In 5G Millimeter-Wave (mmWave) networks, Base Station(BS) uses lots of narrow beams for coverage. Due to the limited ability of hardware, BS is only able to select a few beams for scheduling per slot. In outfield scenarios, the moving User Equipments (UEs) and different kinds of traffic lead to dynamic and uneven traffic distribution in beams. Traditional beam scheduling scheme selects beam with the UE scheduling priority and lacks consideration of the traffic distribution. Therefore, a smart beam scheduling scheme is required in mmWave networks to address the dynamicity and imbalance of network traffic. In this paper, a Real-Time Traffic Distribution (RTTD) scheme is proposed for beam scheduling in 5G mmWave networks. RTTD scheme takes the real-time UE and traffic distribution into account, selects the beams with the highest sum efficiency to maximize the throughput. In addition, to improve the fairness of scheduling for each UE, the proposed scheme considers the average throughput of all schedulable UEs.
In this paper, the BS uses large antenna arrays and hybrid beamforming to form directional narrow beams. The BS is equipped with 2 Radio Frequency (RF) chains, each RF chain controls 1 analog beamformer. Each analog beamformer connects to 1 large antenna array (16H*16V, totally 256 antenna elements). Based on the designed beam book, each analog beamformer can generate tens of narrow beams with different directions, but only 1 beam can be transmitted at each slot. Therefore, the BS supports 2 beams per slot, and UEs in the 2 beams can be scheduled in this slot. For QoS scheduling module, BS needs to select beams firstly, then selects UEs in the selected beams to allocate RBs. Consequently, beam scheduling scheme, which selects optimal beams from a lot of beams, has a great influence on the QoS performance of system.
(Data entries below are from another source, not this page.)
lemma mutually_refining_forests_same_bricks:
  assumes Fg: "mc_forest_via m n g Bg" and F: "mc_forest_via m k f B"
    and "fibre_refines m g f" "fibre_refines m f g" and j: "j < n"
  shows "\<exists>i<k. Bg j = B i"
proof -
  interpret Fg: mc_forest_on m n g Bg by (rule mc_forest_on.intro[OF Fg])
  interpret F: mc_forest_on m k f B by (rule mc_forest_on.intro[OF F])
  obtain x0 where x0: "x0 \<in> bset (Bg j)" using bset_nonempty by blast
  then have "x0 \<in> carr m" using Fg.bset_B_subset_carr[OF j] by blast
  then obtain i where i: "i < k" "x0 \<in> bset (B i)" using F.cover by blast
  have "bset (Bg j) = {x \<in> carr m. fst (g x) = fst (g x0)}" using Fg.bset_eq_fibre[OF j x0] .
  also have "\<dots> = {x \<in> carr m. fst (f x) = fst (f x0)}"
  proof (intro Collect_cong conj_cong refl)
    fix x :: "nat \<times> 'a cpt" assume "x \<in> carr m"
    then show "fst (g x) = fst (g x0) \<longleftrightarrow> fst (f x) = fst (f x0)"
      using assms(3,4) \<open>x0 \<in> carr m\<close> unfolding fibre_refines_def by blast
  qed
  also have "\<dots> = bset (B i)" using F.bset_eq_fibre[OF i] by simp
  finally have "Bg j = B i" by (rule bset_inj)
  then show ?thesis using i(1) by blast
qed

lemma is_lub_common_refinement:
  assumes G: "perm_subgroup G" and m: "1 \<le> m"
    and f1: "mc_forest m n1 f1" and f2: "mc_forest m n2 f2" and f0: "mc_forest m n0 f0"
    and fibres: "\<And>x y. x \<in> carr m \<Longrightarrow> y \<in> carr m \<Longrightarrow>
       fst (f0 x) = fst (f0 y) \<longleftrightarrow> fst (f1 x) = fst (f1 y) \<and> fst (f2 x) = fst (f2 y)"
  shows "is_lub_in G (Fm G m) (cls G m n1 f1) (cls G m n2 f2) (cls G m n0 f0)"
  unfolding is_lub_in_def
proof (intro conjI ballI impI)
  show "cls G m n0 f0 \<in> Fm G m" using f0 unfolding Fm_def by blast
  show "cls_le G (cls G m n1 f1) (cls G m n0 f0)"
    unfolding cls_le_forest_iff[OF G m f1 f0] fibre_refines_def using fibres by blast
  show "cls_le G (cls G m n2 f2) (cls G m n0 f0)"
    unfolding cls_le_forest_iff[OF G m f2 f0] fibre_refines_def using fibres by blast
  fix u assume u: "u \<in> Fm G m" and le: "cls_le G (cls G m n1 f1) u \<and> cls_le G (cls G m n2 f2) u"
  obtain k g where g: "u = cls G m k g" "mc_forest m k g"
    using u unfolding Fm_def by blast
  then have "fibre_refines m g f1" "fibre_refines m g f2"
    using le cls_le_forest_iff[OF G m f1 g(2)] cls_le_forest_iff[OF G m f2 g(2)] by simp_all
  then show "cls_le G (cls G m n0 f0) u"
    unfolding g(1) cls_le_forest_iff[OF G m f0 g(2)] fibre_refines_def using fibres by blast
qed

lemma elem_rep_of_lub:
  assumes G: "perm_subgroup G" and m: "1 \<le> m"
    and F0: "mc_forest_via m n0 f0 B0" and elementary: "\<forall>j<n0. elementary_desc (snd (B0 j))"
    and lub0: "is_lub_in G (Fm G m) v1 v2 (cls G m n0 f0)"
    and lub: "is_lub_in G (Fm G m) v1 v2 u"
  shows "elem_rep G m u"
proof -
  obtain n g where u: "u = cls G m n g" and "mc_forest m n g"
    using lub unfolding is_lub_in_def Fm_def by blast
  then obtain Bg where Fg: "mc_forest_via m n g Bg" unfolding mc_forest_def by blast
  have "cls_le G (cls G m n g) (cls G m n0 f0)" "cls_le G (cls G m n0 f0) (cls G m n g)"
    using lub lub0 u unfolding is_lub_in_def by blast+
  then have "fibre_refines m f0 g" "fibre_refines m g f0"
    using cls_le_forest_iff[OF G m] Fg F0 unfolding mc_forest_def by blast+
  then have "\<forall>j<n. elementary_desc (snd (Bg j))"
    using mutually_refining_forests_same_bricks[OF Fg F0] elementary by metis
  then show ?thesis
    using Fg u unfolding elem_rep_def elem_mc_forest_def elementary_desc_def by blast
qed

lemma lub_forest:
  assumes G: "perm_subgroup G" and m: "1 \<le> m"
    and F1: "mc_forest_via m n1 f1 B1" and F2: "mc_forest_via m n2 f2 B2"
  obtains n0 f0 B0 where "mc_forest_via m n0 f0 B0"
    "is_lub_in G (Fm G m) (cls G m n1 f1) (cls G m n2 f2) (cls G m n0 f0)"
    "(\<forall>j<n1. elementary_desc (snd (B1 j))) \<Longrightarrow> (\<forall>j<n2. elementary_desc (snd (B2 j))) \<Longrightarrow>
       \<forall>j<n0. elementary_desc (snd (B0 j))"
proof -
  obtain n0 f0 B0 where F0: "mc_forest_via m n0 f0 B0"
    and B0: "B0 ` {..<n0} = partition_meet (B1 ` {..<n1}) (B2 ` {..<n2})"
    and fibres: "\<And>x y. x \<in> carr m \<Longrightarrow> y \<in> carr m \<Longrightarrow>
       fst (f0 x) = fst (f0 y) \<longleftrightarrow> fst (f1 x) = fst (f1 y) \<and> fst (f2 x) = fst (f2 y)"
    using common_refinement_forest[OF F1 F2] by metis
  have "is_lub_in G (Fm G m) (cls G m n1 f1) (cls G m n2 f2) (cls G m n0 f0)"
    using F0 F1 F2 fibres by (intro is_lub_common_refinement[OF G m]) (auto simp: mc_forest_def)
  moreover have "\<forall>j<n0. elementary_desc (snd (B0 j))"
    if "\<forall>j<n1. elementary_desc (snd (B1 j))" "\<forall>j<n2. elementary_desc (snd (B2 j))"
    using elementary_partition_meet[of "B1 ` {..<n1}" "B2 ` {..<n2}"] that B0 by auto
  ultimately show thesis using F0 that by blast
qed

theorem proposition5p3:
  fixes G :: "('a \<Rightarrow> 'a) set" and m :: nat
  assumes "perm_subgroup G" and "1 \<le> m"
    and "v1 \<in> Fm G m" and "v2 \<in> Fm G m"
  shows "(\<exists>u. is_lub_in G (Fm G m) v1 v2 u) \<and>
         (\<forall>u. is_lub_in G (Fm G m) v1 v2 u \<longrightarrow>
              elem_rep G m v1 \<longrightarrow> elem_rep G m v2 \<longrightarrow> elem_rep G m u)"
proof (intro conjI allI impI)
  obtain n1 f1 B1 n2 f2 B2 where "v1 = cls G m n1 f1" "v2 = cls G m n2 f2"
    and "mc_forest_via m n1 f1 B1" "mc_forest_via m n2 f2 B2"
    using assms(3,4) unfolding Fm_def mc_forest_def by blast
  then show "\<exists>u. is_lub_in G (Fm G m) v1 v2 u"
    using lub_forest[OF assms(1,2)] by metis
next
  fix u assume lub: "is_lub_in G (Fm G m) v1 v2 u" and "elem_rep G m v1" "elem_rep G m v2"
  then obtain n1 f1 B1 n2 f2 B2 where v: "v1 = cls G m n1 f1" "v2 = cls G m n2 f2"
    and F1: "mc_forest_via m n1 f1 B1" "\<forall>j<n1. elementary_desc (snd (B1 j))"
    and F2: "mc_forest_via m n2 f2 B2" "\<forall>j<n2. elementary_desc (snd (B2 j))"
    unfolding elem_rep_def elem_mc_forest_def elementary_desc_def by blast
  obtain n0 f0 B0 where "mc_forest_via m n0 f0 B0" "is_lub_in G (Fm G m) v1 v2 (cls G m n0 f0)"
    "\<forall>j<n0. elementary_desc (snd (B0 j))"
    using lub_forest[OF assms(1,2) F1(1) F2(1)] F1(2) F2(2) unfolding v by metis
  then show "elem_rep G m u" using elem_rep_of_lub[OF assms(1,2) _ _ _ lub] by blast
qed

end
A beam without UE does not contribute to the system throughout, and a UE with smaller traffic size may make less contribution to the system throughput. RTTD scheme considers the real-time UE and traffic distribution in beam priority evaluation, calculates the sum traffic size of a beam and predicts which UEs can be scheduled in this beam, and evaluates the beam priority with the effect of all schedulable UEs. Therefore, compared with the traditional scheme, RTTD scheme tends to schedule beam with larger number of UEs and sum traffic size.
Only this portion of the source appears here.